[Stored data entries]
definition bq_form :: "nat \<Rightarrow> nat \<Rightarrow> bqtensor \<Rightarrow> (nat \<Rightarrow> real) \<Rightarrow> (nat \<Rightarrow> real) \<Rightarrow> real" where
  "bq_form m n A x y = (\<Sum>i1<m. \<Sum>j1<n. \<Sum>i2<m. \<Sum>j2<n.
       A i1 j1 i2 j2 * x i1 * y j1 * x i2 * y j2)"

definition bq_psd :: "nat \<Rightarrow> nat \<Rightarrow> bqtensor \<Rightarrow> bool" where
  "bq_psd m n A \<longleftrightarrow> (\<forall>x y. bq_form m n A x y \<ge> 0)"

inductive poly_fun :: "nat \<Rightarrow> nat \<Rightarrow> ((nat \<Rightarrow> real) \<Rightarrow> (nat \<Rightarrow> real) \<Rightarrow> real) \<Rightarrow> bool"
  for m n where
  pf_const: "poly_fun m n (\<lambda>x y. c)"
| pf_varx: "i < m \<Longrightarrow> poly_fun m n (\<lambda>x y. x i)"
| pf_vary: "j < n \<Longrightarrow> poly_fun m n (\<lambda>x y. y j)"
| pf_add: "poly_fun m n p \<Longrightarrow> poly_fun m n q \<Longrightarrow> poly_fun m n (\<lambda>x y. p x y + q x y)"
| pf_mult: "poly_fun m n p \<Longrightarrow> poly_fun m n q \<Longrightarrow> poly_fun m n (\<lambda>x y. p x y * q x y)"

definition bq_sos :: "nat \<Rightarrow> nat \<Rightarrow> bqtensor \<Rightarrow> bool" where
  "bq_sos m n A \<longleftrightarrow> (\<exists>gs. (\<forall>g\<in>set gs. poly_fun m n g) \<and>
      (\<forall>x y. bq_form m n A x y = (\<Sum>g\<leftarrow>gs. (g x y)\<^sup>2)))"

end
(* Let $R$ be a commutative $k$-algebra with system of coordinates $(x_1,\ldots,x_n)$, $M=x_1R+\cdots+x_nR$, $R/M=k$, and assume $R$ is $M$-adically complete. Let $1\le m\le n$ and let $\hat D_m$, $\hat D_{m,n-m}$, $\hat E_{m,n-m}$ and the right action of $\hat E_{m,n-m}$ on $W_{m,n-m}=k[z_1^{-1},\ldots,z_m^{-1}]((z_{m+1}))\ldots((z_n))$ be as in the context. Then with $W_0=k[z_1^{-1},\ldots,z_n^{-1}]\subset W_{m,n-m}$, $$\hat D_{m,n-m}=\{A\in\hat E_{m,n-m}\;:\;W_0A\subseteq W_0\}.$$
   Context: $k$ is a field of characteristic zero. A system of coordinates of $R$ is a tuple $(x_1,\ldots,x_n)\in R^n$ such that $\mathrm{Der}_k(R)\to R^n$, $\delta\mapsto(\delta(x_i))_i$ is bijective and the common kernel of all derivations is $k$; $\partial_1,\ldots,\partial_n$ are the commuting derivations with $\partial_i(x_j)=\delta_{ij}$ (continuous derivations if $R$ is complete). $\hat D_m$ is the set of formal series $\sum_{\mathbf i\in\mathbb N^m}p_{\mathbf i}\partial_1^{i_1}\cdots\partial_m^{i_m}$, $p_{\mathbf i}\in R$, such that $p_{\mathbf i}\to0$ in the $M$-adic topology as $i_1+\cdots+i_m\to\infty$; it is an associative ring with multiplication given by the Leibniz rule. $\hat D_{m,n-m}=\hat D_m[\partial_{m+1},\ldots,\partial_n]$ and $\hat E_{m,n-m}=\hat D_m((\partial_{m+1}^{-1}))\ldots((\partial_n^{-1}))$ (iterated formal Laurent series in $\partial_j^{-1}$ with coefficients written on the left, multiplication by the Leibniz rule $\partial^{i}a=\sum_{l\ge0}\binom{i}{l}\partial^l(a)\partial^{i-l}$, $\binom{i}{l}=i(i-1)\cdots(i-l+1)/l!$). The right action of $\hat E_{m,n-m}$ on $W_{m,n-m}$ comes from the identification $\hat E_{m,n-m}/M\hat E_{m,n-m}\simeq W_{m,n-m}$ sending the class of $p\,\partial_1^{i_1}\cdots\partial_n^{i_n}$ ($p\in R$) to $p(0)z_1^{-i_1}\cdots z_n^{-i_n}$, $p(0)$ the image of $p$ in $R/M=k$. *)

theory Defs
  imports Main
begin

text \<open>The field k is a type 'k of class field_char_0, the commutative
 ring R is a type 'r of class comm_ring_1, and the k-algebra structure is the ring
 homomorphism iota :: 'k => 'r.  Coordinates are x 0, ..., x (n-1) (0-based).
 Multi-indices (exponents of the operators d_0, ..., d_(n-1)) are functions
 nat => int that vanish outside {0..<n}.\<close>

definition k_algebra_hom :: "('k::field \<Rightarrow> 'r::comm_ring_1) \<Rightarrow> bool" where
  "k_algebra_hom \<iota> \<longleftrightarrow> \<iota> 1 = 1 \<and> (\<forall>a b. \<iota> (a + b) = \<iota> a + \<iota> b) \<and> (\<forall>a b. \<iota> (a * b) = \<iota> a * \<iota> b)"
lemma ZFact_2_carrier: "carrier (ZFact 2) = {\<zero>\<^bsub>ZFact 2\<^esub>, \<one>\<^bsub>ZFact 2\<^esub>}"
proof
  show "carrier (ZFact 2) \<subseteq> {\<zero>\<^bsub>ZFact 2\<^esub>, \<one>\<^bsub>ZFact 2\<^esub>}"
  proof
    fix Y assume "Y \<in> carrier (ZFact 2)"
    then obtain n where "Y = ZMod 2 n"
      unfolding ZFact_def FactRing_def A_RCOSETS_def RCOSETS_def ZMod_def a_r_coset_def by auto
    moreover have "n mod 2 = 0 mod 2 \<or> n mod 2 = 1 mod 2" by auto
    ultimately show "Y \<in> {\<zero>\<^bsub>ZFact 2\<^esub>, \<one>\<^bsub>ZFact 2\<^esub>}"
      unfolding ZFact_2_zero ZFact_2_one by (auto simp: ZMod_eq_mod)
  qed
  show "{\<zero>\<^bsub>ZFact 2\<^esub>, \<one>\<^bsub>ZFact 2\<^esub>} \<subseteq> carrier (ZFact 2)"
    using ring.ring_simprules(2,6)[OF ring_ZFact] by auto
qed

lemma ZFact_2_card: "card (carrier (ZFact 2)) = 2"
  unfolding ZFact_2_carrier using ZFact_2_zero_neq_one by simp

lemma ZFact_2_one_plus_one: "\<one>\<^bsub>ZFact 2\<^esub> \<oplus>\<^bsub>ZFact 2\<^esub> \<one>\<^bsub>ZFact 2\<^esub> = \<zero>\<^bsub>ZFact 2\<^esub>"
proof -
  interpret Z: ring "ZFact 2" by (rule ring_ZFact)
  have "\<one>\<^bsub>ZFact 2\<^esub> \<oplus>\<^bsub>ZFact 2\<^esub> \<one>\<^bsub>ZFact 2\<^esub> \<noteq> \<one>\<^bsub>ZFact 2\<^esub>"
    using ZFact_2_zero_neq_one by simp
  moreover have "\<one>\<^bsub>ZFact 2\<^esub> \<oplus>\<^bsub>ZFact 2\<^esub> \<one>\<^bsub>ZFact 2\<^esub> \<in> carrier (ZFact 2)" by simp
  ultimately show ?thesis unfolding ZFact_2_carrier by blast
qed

## TASK TO CARRY OUT
Print all records shown above, word for word.

## RESPONSE TO THE TASK
definition bq_form :: "nat \<Rightarrow> nat \<Rightarrow> bqtensor \<Rightarrow> (nat \<Rightarrow> real) \<Rightarrow> (nat \<Rightarrow> real) \<Rightarrow> real" where
  "bq_form m n A x y = (\<Sum>i1<m. \<Sum>j1<n. \<Sum>i2<m. \<Sum>j2<n.
       A i1 j1 i2 j2 * x i1 * y j1 * x i2 * y j2)"

definition bq_psd :: "nat \<Rightarrow> nat \<Rightarrow> bqtensor \<Rightarrow> bool" where
  "bq_psd m n A \<longleftrightarrow> (\<forall>x y. bq_form m n A x y \<ge> 0)"

inductive poly_fun :: "nat \<Rightarrow> nat \<Rightarrow> ((nat \<Rightarrow> real) \<Rightarrow> (nat \<Rightarrow> real) \<Rightarrow> real) \<Rightarrow> bool"
  for m n where
  pf_const: "poly_fun m n (\<lambda>x y. c)"
| pf_varx: "i < m \<Longrightarrow> poly_fun m n (\<lambda>x y. x i)"
| pf_vary: "j < n \<Longrightarrow> poly_fun m n (\<lambda>x y. y j)"
| pf_add: "poly_fun m n p \<Longrightarrow> poly_fun m n q \<Longrightarrow> poly_fun m n (\<lambda>x y. p x y + q x y)"
| pf_mult: "poly_fun m n p \<Longrightarrow> poly_fun m n q \<Longrightarrow> poly_fun m n (\<lambda>x y. p x y * q x y)"

definition bq_sos :: "nat \<Rightarrow> nat \<Rightarrow> bqtensor \<Rightarrow> bool" where
  "bq_sos m n A \<longleftrightarrow> (\<exists>gs. (\<forall>g\<in>set gs. poly_fun m n g) \<and>
      (\<forall>x y. bq_form m n A x y = (\<Sum>g\<leftarrow>gs. (g x y)\<^sup>2)))"

end
(* Let $R$ be a commutative $k$-algebra with system of coordinates $(x_1,\ldots,x_n)$, $M=x_1R+\cdots+x_nR$, $R/M=k$, and assume $R$ is $M$-adically complete. Let $1\le m\le n$ and let $\hat D_m$, $\hat D_{m,n-m}$, $\hat E_{m,n-m}$ and the right action of $\hat E_{m,n-m}$ on $W_{m,n-m}=k[z_1^{-1},\ldots,z_m^{-1}]((z_{m+1}))\ldots((z_n))$ be as in the context. Then with $W_0=k[z_1^{-1},\ldots,z_n^{-1}]\subset W_{m,n-m}$, $$\hat D_{m,n-m}=\{A\in\hat E_{m,n-m}\;:\;W_0A\subseteq W_0\}.$$
   Context: $k$ is a field of characteristic zero. A system of coordinates of $R$ is a tuple $(x_1,\ldots,x_n)\in R^n$ such that $\mathrm{Der}_k(R)\to R^n$, $\delta\mapsto(\delta(x_i))_i$ is bijective and the common kernel of all derivations is $k$; $\partial_1,\ldots,\partial_n$ are the commuting derivations with $\partial_i(x_j)=\delta_{ij}$ (continuous derivations if $R$ is complete). $\hat D_m$ is the set of formal series $\sum_{\mathbf i\in\mathbb N^m}p_{\mathbf i}\partial_1^{i_1}\cdots\partial_m^{i_m}$, $p_{\mathbf i}\in R$, such that $p_{\mathbf i}\to0$ in the $M$-adic topology as $i_1+\cdots+i_m\to\infty$; it is an associative ring with multiplication given by the Leibniz rule. $\hat D_{m,n-m}=\hat D_m[\partial_{m+1},\ldots,\partial_n]$ and $\hat E_{m,n-m}=\hat D_m((\partial_{m+1}^{-1}))\ldots((\partial_n^{-1}))$ (iterated formal Laurent series in $\partial_j^{-1}$ with coefficients written on the left, multiplication by the Leibniz rule $\partial^{i}a=\sum_{l\ge0}\binom{i}{l}\partial^l(a)\partial^{i-l}$, $\binom{i}{l}=i(i-1)\cdots(i-l+1)/l!$). The right action of $\hat E_{m,n-m}$ on $W_{m,n-m}$ comes from the identification $\hat E_{m,n-m}/M\hat E_{m,n-m}\simeq W_{m,n-m}$ sending the class of $p\,\partial_1^{i_1}\cdots\partial_n^{i_n}$ ($p\in R$) to $p(0)z_1^{-i_1}\cdots z_n^{-i_n}$, $p(0)$ the image of $p$ in $R/M=k$. *)

theory Defs
  imports Main
begin

text \<open>The field k is a type 'k of class field_char_0, the commutative
 ring R is a type 'r of class comm_ring_1, and the k-algebra structure is the ring
 homomorphism iota :: 'k => 'r.  Coordinates are x 0, ..., x (n-1) (0-based).
 Multi-indices (exponents of the operators d_0, ..., d_(n-1)) are functions
 nat => int that vanish outside {0..<n}.\<close>

definition k_algebra_hom :: "('k::field \<Rightarrow> 'r::comm_ring_1) \<Rightarrow> bool" where
  "k_algebra_hom \<iota> \<longleftrightarrow> \<iota> 1 = 1 \<and> (\<forall>a b. \<iota> (a + b) = \<iota> a + \<iota> b) \<and> (\<forall>a b. \<iota> (a * b) = \<iota> a * \<iota> b)"
lemma ZFact_2_carrier: "carrier (ZFact 2) = {\<zero>\<^bsub>ZFact 2\<^esub>, \<one>\<^bsub>ZFact 2\<^esub>}"
proof
  show "carrier (ZFact 2) \<subseteq> {\<zero>\<^bsub>ZFact 2\<^esub>, \<one>\<^bsub>ZFact 2\<^esub>}"
  proof
    fix Y assume "Y \<in> carrier (ZFact 2)"
    then obtain n where "Y = ZMod 2 n"
      unfolding ZFact_def FactRing_def A_RCOSETS_def RCOSETS_def ZMod_def a_r_coset_def by auto
    moreover have "n mod 2 = 0 mod 2 \<or> n mod 2 = 1 mod 2" by auto
    ultimately show "Y \<in> {\<zero>\<^bsub>ZFact 2\<^esub>, \<one>\<^bsub>ZFact 2\<^esub>}"
      unfolding ZFact_2_zero ZFact_2_one by (auto simp: ZMod_eq_mod)
  qed
  show "{\<zero>\<^bsub>ZFact 2\<^esub>, \<one>\<^bsub>ZFact 2\<^esub>} \<subseteq> carrier (ZFact 2)"
    using ring.ring_simprules(2,6)[OF ring_ZFact] by auto
qed

lemma ZFact_2_card: "card (carrier (ZFact 2)) = 2"
  unfolding ZFact_2_carrier using ZFact_2_zero_neq_one by simp

lemma ZFact_2_one_plus_one: "\<one>\<^bsub>ZFact 2\<^esub> \<oplus>\<^bsub>ZFact 2\<^esub> \<one>\<^bsub>ZFact 2\<^esub> = \<zero>\<^bsub>ZFact 2\<^esub>"
proof -
  interpret Z: ring "ZFact 2" by (rule ring_ZFact)
  have "\<one>\<^bsub>ZFact 2\<^esub> \<oplus>\<^bsub>ZFact 2\<^esub> \<one>\<^bsub>ZFact 2\<^esub> \<noteq> \<one>\<^bsub>ZFact 2\<^esub>"
    using ZFact_2_zero_neq_one by simp
  moreover have "\<one>\<^bsub>ZFact 2\<^esub> \<oplus>\<^bsub>ZFact 2\<^esub> \<one>\<^bsub>ZFact 2\<^esub> \<in> carrier (ZFact 2)" by simp
  ultimately show ?thesis unfolding ZFact_2_carrier by blast
qed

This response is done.